Reid and Carlson said they took purposeful steps to ensure a diverse pool, including bringing on a search firm, Witt/Kieffer, that they said had a track record of cultivating diverse pools and reaching out personally to prospective candidates. “We were fortunate to have an engaged community that offered a significant number of nominations from a broad spectrum of the academic community,” Carlson said.
Riordan said the involvement of Capilouto, who attended airport interviews with search committee members, also helped with the cultivation of candidates. “Any time the school has its senior leadership involved in the process and helping communicate the institution’s values and can say, ‘Here’s where we’re going,’ that helps,” she said.
Reid said diversity was not a consideration in selecting the three final candidates and will not be a consideration when the president picks one to be provost. Diversity played into the search when cultivating a pool of candidates, he said. The university wants to make sure that it’s encouraging all possible candidates to apply. “If we don’t have a diverse candidate pool, then we haven’t done our job right and the process has failed from the beginning,” he said.
Once it comes time to narrow the pool, Reid said, the only consideration was to determine the most qualified candidates.
But as Reid noted, there is a difference between the committee emphasizing diversity in its cultivation of candidates and an external focus on the issue. In addition to the concerns Reid mentioned about losing potential candidates because of the scrutiny, search consultants said publicly highlighting issues of diversity during the search can cause complications for the search committee.
“I think the pressure is really twofold,” said Jamie Ferrare, principal at AGB search. “You have some candidates who are going to say, ‘Gee, I don’t know if I can get in this search if they’re just going to pick someone else.’ And then you might have the rest of the campus community say, ‘Gee, they’re just going to hire someone regardless of background and just focus on this diversity piece, and is that person going to be strong enough to do the work that needs to get done? It hurts pools and it hurts candidates.”
Witt/Kieffer, the search consultant hired by Kentucky for the search, declined to comment.
Ferrare's latter point – that people might assume someone is being picked because of their gender or race – came up in a letter to the editor in The Lexington Herald-Leader after the paper wrote its story about the lack of diversity in Kentucky’s administration. “The race, gender, sexual preference, religion, height and other personal attributes are about as important as the size of the shoe the applicant wears,” wrote Denny Harris, a Lexington resident. “It is all about the academic qualifications of the individual, period.”
That perception could present a challenge for whoever does get picked for the provost position, Ferrare and others said. Despite the fact that all three appear to have the credentials and experience for the job, officials said, some people will invariably think that the final pick got the job because the university wanted to increase diversity, not because that person was the most qualified.
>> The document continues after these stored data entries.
lemma sec_ring_simps:
  "carrier (sec_ring sc U) = sections sc U"
  "add (sec_ring sc U) = pointwise sc loc_add U"
  "mult (sec_ring sc U) = pointwise sc loc_mult U"
  "one (sec_ring sc U) = const_section sc U 1 1"
  "zero (sec_ring sc U) = const_section sc U 0 1"
  by (simp_all add: sec_ring_def pointwise_def const_section_def fun_eq_iff)

lemma pointwise_apply: "pointwise sc f U \<gamma> \<delta> q = (if q \<in> Supp sc U then f q (\<gamma> q) (\<delta> q) else {})"
  unfolding pointwise_def by simp

lemma const_section_apply: "const_section sc U a s q = (if q \<in> Supp sc U then frac q a s else {})"
  unfolding const_section_def by simp

lemma colon_mem_Supp: "P \<in> U \<Longrightarrow> colon sc P \<in> Supp sc U"
  unfolding Supp_def by blast

lemma Supp_mono: "V \<subseteq> U \<Longrightarrow> Supp sc V \<subseteq> Supp sc U"
  unfolding Supp_def by blast

lemma sec_res_apply: "sec_res sc U V \<gamma> q = (if q \<in> Supp sc V then \<gamma> q else {})"
  unfolding sec_res_def by simp

lemma sec_res_eq_iff: "sec_res sc U W \<gamma> = sec_res sc V W \<delta> \<longleftrightarrow> (\<forall>q\<in>Supp sc W. \<gamma> q = \<delta> q)"
  unfolding sec_res_def fun_eq_iff by auto

lemma sec_res_comp: "W \<subseteq> V \<Longrightarrow> sec_res sc V W (sec_res sc U V \<gamma>) = sec_res sc U W \<gamma>"
  using Supp_mono[of W V sc] by (auto simp: fun_eq_iff sec_res_apply)
lemma lex_mult_lub_Lex_tails:
  assumes IH: "\<And>a T. a \<in> Lex A le mult (Suc n) \<Longrightarrow> finitary \<longrightarrow> finite T \<Longrightarrow>
      T \<subseteq> Lex A le mult (Suc n) \<Longrightarrow>
      lex_mult mult a (lub (Lex A le mult (Suc n)) (lex_le le (Suc n)) T) =
        lub (Lex A le mult (Suc n)) (lex_le le (Suc n)) (lex_mult mult a ` T)"
    and c: "c \<in> A" "s \<in> Lex_tails n c" and m: "m \<in> A" and X: "hd ` X \<subseteq> A" "[] \<notin> X"
    and T: "finitary \<longrightarrow> finite {t. m # t \<in> X}" "{t. m # t \<in> X} \<subseteq> Lex_tails n m"
    and Y: "{t. mult c m # t \<in> lex_mult mult (c # s) ` X} \<subseteq> Lex_tails n (mult c m)"
  shows "lex_mult mult s (lub (Lex_tails n m) (lex_le le (Suc n)) {t. m # t \<in> X}) =
    lub (Lex_tails n (mult c m)) (lex_le le (Suc n))
      {t. mult c m # t \<in> lex_mult mult (c # s) ` X}"
proof (cases "mult c m \<in> Icanc A mult")
  case True
  have c_Icanc: "c \<in> Icanc A mult"
    using Icanc_left_factor[OF c(1) m True] .
  have "m \<in> Icanc A mult"
    using Icanc_left_factor[OF m c(1)] True mult_commute[OF c(1) m] by simp
  then have tails: "Lex_tails n m = Lex A le mult (Suc n)"
    "Lex_tails n (mult c m) = Lex A le mult (Suc n)"
    using True by (simp_all add: Lex_tails_def)
  have "s \<in> Lex A le mult (Suc n)"
    using c(2) c_Icanc by (simp add: Lex_tails_def)
  moreover have "{t. mult c m # t \<in> lex_mult mult (c # s) ` X} =
      lex_mult mult s ` {t. m # t \<in> X}"
    using Cons_tails_lex_mult_image[OF c_Icanc m X] .
  ultimately show ?thesis
    using IH T unfolding tails by simp
next
  case False
  then show ?thesis
    using lex_mult_lub_Lex_tails_Ccanc[OF False c(2) T] lub_Lex_tails_Ccanc[OF False Y] by simp
qed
Kim Bobby, director of the inclusive excellence group at the American Council on Education, said this is something that candidates who come from diverse backgrounds simply have to face. “You can’t control for where some people are going to get stuck,” she said. She added that most candidates rightfully believe they were picked on merit.
Ferrare and Bobby said higher education institutions need to continue to do a better job finding diverse candidates for the pipeline positions that lead to top administrative posts in order to dispel the notion that individuals are being selected because of diversity.
Administrators at Kentucky hope to make a decision by May 14, when the governing board next meets.